— AVAILABLE DATA —

(* Let $r,s,t$ be nonzero reals and $\lambda=(\lambda_k)_{k\ge0}$ a strictly increasing sequence of positive reals with $\lambda_k\to\infty$. For $a=(a_n)\in\omega$ and $k<n$ let $$\widehat g_k(n)=\lambda_k\left(\frac{1}{\lambda_k-\lambda_{k-1}}\sum_{j=k}^n d_{jk}a_j-\frac{1}{\lambda_{k+1}-\lambda_k}\sum_{j=k+1}^n d_{j,k+1}a_j\right),$$ and for $1\le q<\infty$ let $f_3^\lambda=\{a\in\omega:\sup_{n}\sum_{k=0}^{n-1}|\widehat g_k(n)|^q<\infty\}$ and $f_4^\lambda=\{a\in\omega:\sup_{n}\left|\frac1r\frac{\lambda_n}{\lambda_n-\lambda_{n-1}}a_n\right|<\infty\}$. Then (i) $\{c_0^\lambda(\widehat B)\}^\gamma=\{c^\lambda(\widehat B)\}^\gamma=\{\ell_\infty^\lambda(\widehat B)\}^\gamma=f_3^\lambda\cap f_4^\lambda$ with $q=1$; (ii) if $1<p<\infty$ and $\frac1p+\frac1q=1$, then $\{\ell_p^\lambda(\widehat B)\}^\gamma=f_3^\lambda\cap f_4^\lambda$.
   Context: $\omega$: all complex sequences indexed by $\mathbb{N}=\{0,1,\dots\}$. Convention: terms with negative subscript are $0$. $D=(d_{nk})$ is the inverse of the lower triangular matrix $B(r,s,t)$ having $r$ on the diagonal, $s$ on the first subdiagonal, $t$ on the second subdiagonal and zeros elsewhere; explicitly $d_{nk}=\frac1r\sum_{v=0}^{n-k}\rho_1^{\,n-k-v}\rho_2^{\,v}$ ($0\le k\le n$), $d_{nk}=0$ ($k>n$), $\rho_{1,2}=\frac{-s\pm\sqrt{s^2-4tr}}{2r}$. With $\widehat W_n(x)=\frac{1}{\lambda_n}\sum_{k=0}^n(\lambda_k-\lambda_{k-1})(rx_k+sx_{k-1}+tx_{k-2})$, for $\mu\in\{c_0,c,\ell_\infty,\ell_p\}$ set $\mu^\lambda(\widehat B)=\{x\in\omega:(\widehat W_n(x))_n\in\mu\}$. The $\gamma$-dual of a sequence space $X$ is $X^\gamma=\{a\in\omega:\sup_n|\sum_{k=0}^n a_kx_k|<\infty\text{ for all }x\in X\}$. *)

theory Defs
  imports "HOL-Analysis.Analysis"
begin

text \<open>Convention: terms with negative subscript are 0.
  \<open>lam_prev lam k\<close> is \<open>\<lambda>_{k-1}\<close> (with \<open>\<lambda>_{-1} = 0\<close>);
  \<open>shft x j k\<close> is \<open>x_{k-j}\<close> (with \<open>x_m = 0\<close> for \<open>m < 0\<close>).\<close>

definition lam_prev :: "(nat \<Rightarrow> real) \<Rightarrow> nat \<Rightarrow> real" where
  "lam_prev lam k = (if k = 0 then 0 else lam (k - 1))"

definition shft :: "(nat \<Rightarrow> complex) \<Rightarrow> nat \<Rightarrow> nat \<Rightarrow> complex" where
  "shft x j k = (if j \<le> k then x (k - j) else 0)"

definition rho1 :: "real \<Rightarrow> real \<Rightarrow> real \<Rightarrow> complex" where
  "rho1 r s t = (- complex_of_real s + csqrt (complex_of_real (s^2 - 4*t*r))) / complex_of_real (2*r)"

definition rho2 :: "real \<Rightarrow> real \<Rightarrow> real \<Rightarrow> complex" where
  "rho2 r s t = (- complex_of_real s - csqrt (complex_of_real (s^2 - 4*t*r))) / complex_of_real (2*r)"

text \<open>Entries of \<open>D = B(r,s,t)^{-1}\<close>.\<close>

definition dmat :: "real \<Rightarrow> real \<Rightarrow> real \<Rightarrow> nat \<Rightarrow> nat \<Rightarrow> complex" where
  "dmat r s t n k = (if k \<le> n then
     (1 / complex_of_real r) * (\<Sum>v = 0..n - k. rho1 r s t ^ (n - k - v) * rho2 r s t ^ v)
   else 0)"

definition What :: "real \<Rightarrow> real \<Rightarrow> real \<Rightarrow> (nat \<Rightarrow> real) \<Rightarrow> (nat \<Rightarrow> complex) \<Rightarrow> nat \<Rightarrow> complex" where
  "What r s t lam x n = complex_of_real (1 / lam n) *
     (\<Sum>k\<le>n. complex_of_real (lam k - lam_prev lam k) *
        (complex_of_real r * x k + complex_of_real s * shft x 1 k + complex_of_real t * shft x 2 k))"

definition c0_seq :: "(nat \<Rightarrow> complex) set" where
  "c0_seq = {x. x \<longlonglongrightarrow> 0}"

definition c_seq :: "(nat \<Rightarrow> complex) set" where
  "c_seq = {x. convergent x}"

definition linf_seq :: "(nat \<Rightarrow> complex) set" where
  "linf_seq = {x. Bseq x}"

definition lp_seq :: "real \<Rightarrow> (nat \<Rightarrow> complex) set" where
  "lp_seq p = {x. summable (\<lambda>n. norm (x n) powr p)}"

definition lam_space :: "real \<Rightarrow> real \<Rightarrow> real \<Rightarrow> (nat \<Rightarrow> real) \<Rightarrow> (nat \<Rightarrow> complex) set \<Rightarrow> (nat \<Rightarrow> complex) set" where
  "lam_space r s t lam \<mu> = {x. What r s t lam x \<in> \<mu>}"

definition gamma_dual :: "(nat \<Rightarrow> complex) set \<Rightarrow> (nat \<Rightarrow> complex) set" where
  "gamma_dual X = {a. \<forall>x\<in>X. Bseq (\<lambda>n. \<Sum>k\<le>n. a k * x k)}"

definition ghat :: "real \<Rightarrow> real \<Rightarrow> real \<Rightarrow> (nat \<Rightarrow> real) \<Rightarrow> (nat \<Rightarrow> complex) \<Rightarrow> nat \<Rightarrow> nat \<Rightarrow> complex" where
  "ghat r s t lam a k n = complex_of_real (lam k) *
     (complex_of_real (1 / (lam k - lam_prev lam k)) * (\<Sum>j = k..n. dmat r s t j k * a j)
      - complex_of_real (1 / (lam (k+1) - lam k)) * (\<Sum>j = k+1..n. dmat r s t j (k+1) * a j))"

definition f3 :: "real \<Rightarrow> real \<Rightarrow> real \<Rightarrow> (nat \<Rightarrow> real) \<Rightarrow> real \<Rightarrow> (nat \<Rightarrow> complex) set" where
  "f3 r s t lam q = {a. bdd_above (range (\<lambda>n. \<Sum>k<n. norm (ghat r s t lam a k n) powr q))}"

definition f4 :: "real \<Rightarrow> (nat \<Rightarrow> real) \<Rightarrow> (nat \<Rightarrow> complex) set" where
  "f4 r lam = {a. Bseq (\<lambda>n. complex_of_real (1 / r * (lam n / (lam n - lam_prev lam n))) * a n)}"

end

theory Submission
  imports Defs
begin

— TASK —
Go over the listing above and copy out each line that includes "omega".

— WRITTEN ANSWER —
(* Let $r,s,t$ be nonzero reals and $\lambda=(\lambda_k)_{k\ge0}$ a strictly increasing sequence of positive reals with $\lambda_k\to\infty$. For $a=(a_n)\in\omega$ and $k<n$ let $$\widehat g_k(n)=\lambda_k\left(\frac{1}{\lambda_k-\lambda_{k-1}}\sum_{j=k}^n d_{jk}a_j-\frac{1}{\lambda_{k+1}-\lambda_k}\sum_{j=k+1}^n d_{j,k+1}a_j\right),$$ and for $1\le q<\infty$ let $f_3^\lambda=\{a\in\omega:\sup_{n}\sum_{k=0}^{n-1}|\widehat g_k(n)|^q<\infty\}$ and $f_4^\lambda=\{a\in\omega:\sup_{n}\left|\frac1r\frac{\lambda_n}{\lambda_n-\lambda_{n-1}}a_n\right|<\infty\}$. Then (i) $\{c_0^\lambda(\widehat B)\}^\gamma=\{c^\lambda(\widehat B)\}^\gamma=\{\ell_\infty^\lambda(\widehat B)\}^\gamma=f_3^\lambda\cap f_4^\lambda$ with $q=1$; (ii) if $1<p<\infty$ and $\frac1p+\frac1q=1$, then $\{\ell_p^\lambda(\widehat B)\}^\gamma=f_3^\lambda\cap f_4^\lambda$.
   Context: $\omega$: all complex sequences indexed by $\mathbb{N}=\{0,1,\dots\}$. Convention: terms with negative subscript are $0$. $D=(d_{nk})$ is the inverse of the lower triangular matrix $B(r,s,t)$ having $r$ on the diagonal, $s$ on the first subdiagonal, $t$ on the second subdiagonal and zeros elsewhere; explicitly $d_{nk}=\frac1r\sum_{v=0}^{n-k}\rho_1^{\,n-k-v}\rho_2^{\,v}$ ($0\le k\le n$), $d_{nk}=0$ ($k>n$), $\rho_{1,2}=\frac{-s\pm\sqrt{s^2-4tr}}{2r}$. With $\widehat W_n(x)=\frac{1}{\lambda_n}\sum_{k=0}^n(\lambda_k-\lambda_{k-1})(rx_k+sx_{k-1}+tx_{k-2})$, for $\mu\in\{c_0,c,\ell_\infty,\ell_p\}$ set $\mu^\lambda(\widehat B)=\{x\in\omega:(\widehat W_n(x))_n\in\mu\}$. The $\gamma$-dual of a sequence space $X$ is $X^\gamma=\{a\in\omega:\sup_n|\sum_{k=0}^n a_kx_k|<\infty\text{ for all }x\in X\}$. *)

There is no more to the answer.